Print the records below once again, exactly as they were given.

++++++

(* For $x\in X$ and $z\in\mathbb{T}$ define $\psi_{x,z}\big(\sum_k f_k\delta^k\big)=\sum_k f_k(x)z^k$ for $\sum_k f_k\delta^k\in C(X)'_1$. Then $\psi:(x,z)\mapsto\psi_{x,z}$ is a continuous surjection $X\times\mathbb{T}\to\Delta(C(X)'_1)$, and $\Delta(C(X)'_1)$ is the topological quotient of $X\times\mathbb{T}$ via $\psi$. The fibers are: (i) for $x\notin\bigcup_{q\ge1}\mathrm{Fix}_q(\sigma)^\circ$: $\psi^{-1}(\{\omega_x\})=\{x\}\times\mathbb{T}$; (ii) for $x\in\bigcup_{q\ge1}\mathrm{Fix}_q(\sigma)^\circ$ and $c\in\mathbb{T}$: $\psi^{-1}(\{\omega_{x,c}\})=\{(x,z):z\in\mathbb{T},\ z^n=c\}$, where $n$ is the minimal $n\ge1$ such that $x\in\mathrm{Fix}_n(\sigma)^\circ$.
   Context: Let $X$ be a non-empty compact Hausdorff space and $\sigma:X\to X$ a homeomorphism. For $n\in\mathbb{Z}$ let $\mathrm{Fix}_n(\sigma)=\{x:\sigma^nx=x\}$; a superscript $\circ$ denotes interior, $\mathrm{supp}(f)$ the closure of $\{f\ne0\}$. $C(X)$ is the algebra of continuous complex functions with sup norm, $\alpha(f)=f\circ\sigma^{-1}$. $\ell^1(\Sigma)$ is the set of $\ell:\mathbb{Z}\to C(X)$ with $\|\ell\|=\sum_k\|\ell(k)\|_\infty<\infty$, product $(\ell\ell')(n)=\sum_k\ell(k)\alpha^k(\ell'(n-k))$, involution $\ell^*(n)=\overline{\alpha^n(\ell(-n))}$. With $\delta$ the element equal to the constant $1$ at $1\in\mathbb{Z}$ and $0$ elsewhere, each element is uniquely $\sum_k f_k\delta^k$, $f_k=\ell(k)$. $C(X)'_1$, the commutant of $C(X)$ (embedded as $\{f\delta^0\}$) in $\ell^1(\Sigma)$, equals $\{\sum_kf_k\delta^k:\mathrm{supp}(f_k)\subset\mathrm{Fix}_k(\sigma)\ \forall k\}$ and is commutative; $\Delta(C(X)'_1)$ is its maximal ideal space with the Gelfand topology. For $x\notin\bigcup_{q\ge1}\mathrm{Fix}_q(\sigma)^\circ$, $\omega_x$ is the character $\sum_kf_k\delta^k\mapsto f_0(x)$; for $x\in\bigcup_{q\ge1}\mathrm{Fix}_q(\sigma)^\circ$ and $c\in\mathbb{T}$, $\omega_{x,c}$ is the character $\sum_kf_k\delta^k\mapsto\sum_jf_{jn}(x)c^j$, with $n$ the minimal $n\ge1$ such that $x\in\mathrm{Fix}_n(\sigma)^\circ$. These are exactly all characters of $C(X)'_1$, without repetition. *)

theory Defs
  imports "HOL-Analysis.Analysis"
begin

++++++

* **ANSWER BELOW**
(* For $x\in X$ and $z\in\mathbb{T}$ define $\psi_{x,z}\big(\sum_k f_k\delta^k\big)=\sum_k f_k(x)z^k$ for $\sum_k f_k\delta^k\in C(X)'_1$. Then $\psi:(x,z)\mapsto\psi_{x,z}$ is a continuous surjection $X\times\mathbb{T}\to\Delta(C(X)'_1)$, and $\Delta(C(X)'_1)$ is the topological quotient of $X\times\mathbb{T}$ via $\psi$. The fibers are: (i) for $x\notin\bigcup_{q\ge1}\mathrm{Fix}_q(\sigma)^\circ$: $\psi^{-1}(\{\omega_x\})=\{x\}\times\mathbb{T}$; (ii) for $x\in\bigcup_{q\ge1}\mathrm{Fix}_q(\sigma)^\circ$ and $c\in\mathbb{T}$: $\psi^{-1}(\{\omega_{x,c}\})=\{(x,z):z\in\mathbb{T},\ z^n=c\}$, where $n$ is the minimal $n\ge1$ such that $x\in\mathrm{Fix}_n(\sigma)^\circ$.
   Context: Let $X$ be a non-empty compact Hausdorff space and $\sigma:X\to X$ a homeomorphism. For $n\in\mathbb{Z}$ let $\mathrm{Fix}_n(\sigma)=\{x:\sigma^nx=x\}$; a superscript $\circ$ denotes interior, $\mathrm{supp}(f)$ the closure of $\{f\ne0\}$. $C(X)$ is the algebra of continuous complex functions with sup norm, $\alpha(f)=f\circ\sigma^{-1}$. $\ell^1(\Sigma)$ is the set of $\ell:\mathbb{Z}\to C(X)$ with $\|\ell\|=\sum_k\|\ell(k)\|_\infty<\infty$, product $(\ell\ell')(n)=\sum_k\ell(k)\alpha^k(\ell'(n-k))$, involution $\ell^*(n)=\overline{\alpha^n(\ell(-n))}$. With $\delta$ the element equal to the constant $1$ at $1\in\mathbb{Z}$ and $0$ elsewhere, each element is uniquely $\sum_k f_k\delta^k$, $f_k=\ell(k)$. $C(X)'_1$, the commutant of $C(X)$ (embedded as $\{f\delta^0\}$) in $\ell^1(\Sigma)$, equals $\{\sum_kf_k\delta^k:\mathrm{supp}(f_k)\subset\mathrm{Fix}_k(\sigma)\ \forall k\}$ and is commutative; $\Delta(C(X)'_1)$ is its maximal ideal space with the Gelfand topology. For $x\notin\bigcup_{q\ge1}\mathrm{Fix}_q(\sigma)^\circ$, $\omega_x$ is the character $\sum_kf_k\delta^k\mapsto f_0(x)$; for $x\in\bigcup_{q\ge1}\mathrm{Fix}_q(\sigma)^\circ$ and $c\in\mathbb{T}$, $\omega_{x,c}$ is the character $\sum_kf_k\delta^k\mapsto\sum_jf_{jn}(x)c^j$, with $n$ the minimal $n\ge1$ such that $x\in\mathrm{Fix}_n(\sigma)^\circ$. These are exactly all characters of $C(X)'_1$, without repetition. *)

theory Defs
  imports "HOL-Analysis.Analysis"
begin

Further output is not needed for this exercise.